I had to talk to someone. I combed my hair and trailed up the street to Martin’s house. He and the boys were gone, but Thu let me in with a smile and put the teakettle on.
“Richard won’t say anything about what happened,” I said when we’d both settled on the couch. “I don’t know what to think.”
“You think he did something?” Thu asked, her voice shocked.
“I did. I mean, I wondered. Because he never said he didn’t. But I thought about it, and he couldn’t have. There’s no way I could have slept through something like that.”
“But why isn’t he saying that to the police?”
“I’m not sure he’s not. But he sounds more
like he’s guilty every time he talks about it. He can’t be, but he won’t say he’s not. All he says is that he doesn’t know. And back then . . . when it happened . . . I should have asked for an autopsy. Then they would have had to let Richard go.”
“And now no one will ever know.” Thu sounded bleak.
“That’s about it.” We watched the steam rise off the tea. “Except, the longer he stays in jail, the more he’s giving in,” I added.
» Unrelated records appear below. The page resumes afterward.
(* Let $f \colon \mathbb{R}^n \to \mathbb{R}$ be the Euclidean norm, $f(x) = \|x\|$. Then every BFGS sequence $(x_k)_{k \ge 0}$ for $f$ converges to $0$.
   Context: A sequence $(x_k)$ is a BFGS sequence for $f$ if $f$ is differentiable at each $x_k$ with $\nabla f(x_k) \neq 0$, and there exist parameters $0<\mu<\nu<1$ and a positive definite $n\times n$ matrix $H_0$ such that, with $s_k = x_{k+1}-x_k$, $y_k = \nabla f(x_{k+1}) - \nabla f(x_k)$, $V_k = I - \frac{s_k y_k^T}{s_k^T y_k}$ and $H_{k+1} = V_k H_k V_k^T + \frac{s_k s_k^T}{s_k^T y_k}$, one has for all $k=0,1,2,\dots$: $H_k \nabla f(x_k) \in -\mathbb{R}_+ s_k$, $f(x_{k+1}) \le f(x_k) + \mu \nabla f(x_k)^T s_k$, and $\nabla f(x_{k+1})^T s_k \ge \nu \nabla f(x_k)^T s_k$. *)

theory Defs
  imports "HOL-Analysis.Analysis"
begin

definition outer :: "real^'n \<Rightarrow> real^'n \<Rightarrow> real^'n^'n" where
  "outer s y = (\<chi> i j. s $ i * y $ j)"

definition pos_def :: "real^'n^'n \<Rightarrow> bool" where
  "pos_def H \<longleftrightarrow> transpose H = H \<and> (\<forall>v. v \<noteq> 0 \<longrightarrow> v \<bullet> (H *v v) > 0)"

definition has_grad :: "(real^'n \<Rightarrow> real) \<Rightarrow> real^'n \<Rightarrow> real^'n \<Rightarrow> bool" where
  "has_grad f g x \<longleftrightarrow> (f has_derivative (\<lambda>h. g \<bullet> h)) (at x)"

definition bfgs_seq :: "(real^'n \<Rightarrow> real) \<Rightarrow> (nat \<Rightarrow> real^'n) \<Rightarrow> bool" where
  "bfgs_seq f x \<longleftrightarrow>
    (\<exists>g :: nat \<Rightarrow> real^'n. (\<forall>k. has_grad f (g k) (x k) \<and> g k \<noteq> 0) \<and>
      (\<exists>(\<mu>::real) (\<nu>::real) (H :: nat \<Rightarrow> real^'n^'n).
         0 < \<mu> \<and> \<mu> < \<nu> \<and> \<nu> < 1 \<and> pos_def (H 0) \<and>
         (\<forall>k. let s = x (Suc k) - x k; y = g (Suc k) - g k;
                   V = mat 1 - (1 / (s \<bullet> y)) *\<^sub>R outer s y
               in H (Suc k) = V ** H k ** transpose V + (1 / (s \<bullet> y)) *\<^sub>R outer s s
                  \<and> (\<exists>t\<ge>0. H k *v g k = - (t *\<^sub>R s))
                  \<and> f (x (Suc k)) \<le> f (x k) + \<mu> * (g k \<bullet> s)
                  \<and> g (Suc k) \<bullet> s \<ge> \<nu> * (g k \<bullet> s))))"

end

theory Submission
  imports Defs
begin

(*
  Byrd-Nocedal potential argument.  For B_k = H_k^-1 the function
  psi(B) = tr B - ln |det B| is bounded below on positive definite matrices, and one
  BFGS step changes it by at most  -1 + |y|^2 / s'y + ln ((g's)^2 / (|g|^2 s'y)).
  The curvature condition gives (g's)^2 / s'y <= -g's / (1 - nu), and the Armijo condition
  makes f(x_k) decrease, so -g's -> 0 whenever f is bounded below.  Hence psi would
  eventually drop by at least 1 per step, unless the gradients approach 0 or
  |y|^2 / s'y is unbounded.
  For f = norm we have g_k = sgn x_k, so |g_k| = 1, and |x_k| decreases to some L.  If L > 0,
  then |y_k|^2 / s_k'y_k = 2 / (|x_k| + |x_(k+1)|) <= 1 / L, a contradiction; so L = 0.
*)

lemma matrix_vector_mult_outer: "outer a b *v z = (b \<bullet> z) *\<^sub>R a"
  by (simp add: vec_eq_iff outer_def matrix_vector_mult_def inner_vec_def sum_distrib_left mult_ac)

lemma transpose_outer: "transpose (outer a b) = outer b a"
  by (simp add: vec_eq_iff outer_def transpose_def)

lemma trace_outer: "trace (outer a b) = a \<bullet> b"
  by (simp add: trace_def outer_def inner_vec_def)

lemma trace_scaleR: "trace (c *\<^sub>R (A::real^'n^'n)) = c * trace A"
  by (simp add: trace_def sum_distrib_left)

lemma det_mat1_row_replace:
  fixes w :: "'a::field^'n"
  shows "det ((\<chi> i. if i = p then w else axis i 1) :: 'a^'n^'n) = w $ p"
proof -
  have rows: "row i (mat 1 :: 'a^'n^'n) = axis i 1" for i
    by (simp add: vec_eq_iff row_def mat_def axis_def)
  show ?thesis
    using cramer_lemma_transpose[of p w "mat 1"] unfolding rows basis_expansion by simp
qed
“Kathy,” said Thu after a moment, “I want to tell you something I never told anyone. Promise me you’ll never tell. Not even Martin.”
I nodded. What could she say to me that she hadn’t said to Martin?
“When we were hiding under the stage during the siege, well, Martin wasn’t conscious. I’d creep out to . . . go to the bathroom, but . . . I’m sure you know what I mean . . . he couldn’t. I tried to keep him clean, but there was a smell. Even in the cold weather, you could tell people were in the building somewhere.”
Thu bit her lower lip and looked away. “So one morning, when I was out of our hiding place, I took my own . . . excrement . . . and I wrote VC slogans all over the walls with it. That way, the soldiers wouldn’t look any farther, if you see what I mean.”
Thu was red-faced. I wondered why she was saying this. And then I realized. She’s telling me to do anything I can to defend the person I love. Like she did. Like Savitri did.
I had to get Richard out of jail. He couldn’t have hurt Jamie, but the longer he stayed there, the more they were all convincing him he had. He had to get free and think, figure out what happened. And I had to tell Richard I knew he was innocent.
Even if he didn’t want Dad to bail him out, I could pay his bail with my own money. What money?—I don’t have a thousand dollars. But if I sell the Volkswagen, I can get it. He can’t be mad if it’s not Dad’s money. Why didn’t I think of it weeks ago?
I set my teacup down with a crash. “Thank you, Thu. I have to go. Right now. I’m sorry. I’ll be back. Thank you for telling me, and I’ll never say anything to anyone.”
Selling the car took longer than I expected, but I came home in a taxi with enough money for Richard’s bail. I gloated over that money. I could help Richard. The autopsy wouldn’t matter.